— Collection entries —

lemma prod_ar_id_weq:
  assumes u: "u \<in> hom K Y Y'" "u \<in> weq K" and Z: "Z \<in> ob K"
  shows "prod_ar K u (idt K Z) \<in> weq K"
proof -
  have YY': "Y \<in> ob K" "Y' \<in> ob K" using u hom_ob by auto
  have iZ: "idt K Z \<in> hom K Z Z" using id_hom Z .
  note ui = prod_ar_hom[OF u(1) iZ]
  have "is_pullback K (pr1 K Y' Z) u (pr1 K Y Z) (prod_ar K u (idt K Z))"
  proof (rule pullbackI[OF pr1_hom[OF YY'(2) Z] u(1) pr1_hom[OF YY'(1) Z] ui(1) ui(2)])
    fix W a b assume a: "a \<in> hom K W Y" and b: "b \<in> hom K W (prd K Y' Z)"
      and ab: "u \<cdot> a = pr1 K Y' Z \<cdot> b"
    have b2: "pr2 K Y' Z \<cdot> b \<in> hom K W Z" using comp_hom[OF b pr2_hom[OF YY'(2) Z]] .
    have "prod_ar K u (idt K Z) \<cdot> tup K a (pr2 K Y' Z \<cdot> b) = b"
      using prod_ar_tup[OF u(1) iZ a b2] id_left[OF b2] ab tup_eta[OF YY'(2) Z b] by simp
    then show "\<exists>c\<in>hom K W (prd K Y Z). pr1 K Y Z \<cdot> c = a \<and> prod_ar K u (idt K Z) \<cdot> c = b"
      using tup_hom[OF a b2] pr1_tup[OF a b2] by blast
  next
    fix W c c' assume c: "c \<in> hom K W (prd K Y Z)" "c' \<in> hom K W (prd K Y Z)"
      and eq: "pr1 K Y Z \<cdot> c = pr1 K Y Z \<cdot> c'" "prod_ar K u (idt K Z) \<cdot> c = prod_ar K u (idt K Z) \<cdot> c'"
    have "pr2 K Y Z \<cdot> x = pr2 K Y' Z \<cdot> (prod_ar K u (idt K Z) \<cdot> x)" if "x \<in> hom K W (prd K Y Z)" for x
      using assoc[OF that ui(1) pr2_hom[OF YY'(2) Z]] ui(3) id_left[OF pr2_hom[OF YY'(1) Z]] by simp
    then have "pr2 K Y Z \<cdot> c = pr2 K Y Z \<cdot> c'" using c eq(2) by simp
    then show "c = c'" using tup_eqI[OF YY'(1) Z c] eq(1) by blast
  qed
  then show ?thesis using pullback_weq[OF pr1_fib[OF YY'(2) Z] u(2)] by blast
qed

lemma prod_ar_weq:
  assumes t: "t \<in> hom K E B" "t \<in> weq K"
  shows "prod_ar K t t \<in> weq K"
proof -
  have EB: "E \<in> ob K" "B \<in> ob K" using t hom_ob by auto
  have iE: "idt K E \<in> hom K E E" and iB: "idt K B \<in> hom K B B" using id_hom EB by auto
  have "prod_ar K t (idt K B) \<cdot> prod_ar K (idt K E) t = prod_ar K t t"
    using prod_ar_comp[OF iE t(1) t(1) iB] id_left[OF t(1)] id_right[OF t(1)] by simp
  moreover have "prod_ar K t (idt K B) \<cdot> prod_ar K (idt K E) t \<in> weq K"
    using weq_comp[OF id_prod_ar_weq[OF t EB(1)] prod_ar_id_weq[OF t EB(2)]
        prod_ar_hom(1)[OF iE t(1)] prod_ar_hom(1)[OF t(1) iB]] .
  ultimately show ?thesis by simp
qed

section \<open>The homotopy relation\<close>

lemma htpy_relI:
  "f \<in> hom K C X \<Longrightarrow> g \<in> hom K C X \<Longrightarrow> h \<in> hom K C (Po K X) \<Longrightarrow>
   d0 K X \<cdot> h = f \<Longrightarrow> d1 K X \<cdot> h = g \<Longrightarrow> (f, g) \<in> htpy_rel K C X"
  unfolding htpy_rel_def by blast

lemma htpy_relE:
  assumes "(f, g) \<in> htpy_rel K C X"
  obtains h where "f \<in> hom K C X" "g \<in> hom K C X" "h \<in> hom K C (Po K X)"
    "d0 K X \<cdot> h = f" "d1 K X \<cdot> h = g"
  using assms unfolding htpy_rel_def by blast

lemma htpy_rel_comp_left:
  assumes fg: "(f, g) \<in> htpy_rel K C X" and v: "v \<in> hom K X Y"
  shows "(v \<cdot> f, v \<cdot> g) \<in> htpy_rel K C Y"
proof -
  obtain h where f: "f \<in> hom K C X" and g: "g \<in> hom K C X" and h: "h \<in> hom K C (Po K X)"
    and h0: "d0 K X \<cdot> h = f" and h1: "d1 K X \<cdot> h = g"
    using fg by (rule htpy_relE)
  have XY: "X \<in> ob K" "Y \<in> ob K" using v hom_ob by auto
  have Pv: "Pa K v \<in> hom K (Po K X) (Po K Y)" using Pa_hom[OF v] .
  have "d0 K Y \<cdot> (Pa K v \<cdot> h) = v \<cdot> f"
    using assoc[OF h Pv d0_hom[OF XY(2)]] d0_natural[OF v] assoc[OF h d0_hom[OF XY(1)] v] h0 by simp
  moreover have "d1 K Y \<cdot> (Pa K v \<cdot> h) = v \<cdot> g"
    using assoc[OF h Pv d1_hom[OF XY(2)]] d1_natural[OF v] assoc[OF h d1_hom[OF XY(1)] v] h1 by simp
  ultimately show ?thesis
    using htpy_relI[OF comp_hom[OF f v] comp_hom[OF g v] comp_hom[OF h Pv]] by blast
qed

— WHAT THE TASK REQUIRES —
All lines of the entries above where "moreover" turns up should be reported.

— SOLUTION BELOW —
  moreover have "prod_ar K t (idt K B) \<cdot> prod_ar K (idt K E) t \<in> weq K"
  moreover have "d1 K Y \<cdot> (Pa K v \<cdot> h) = v \<cdot> g"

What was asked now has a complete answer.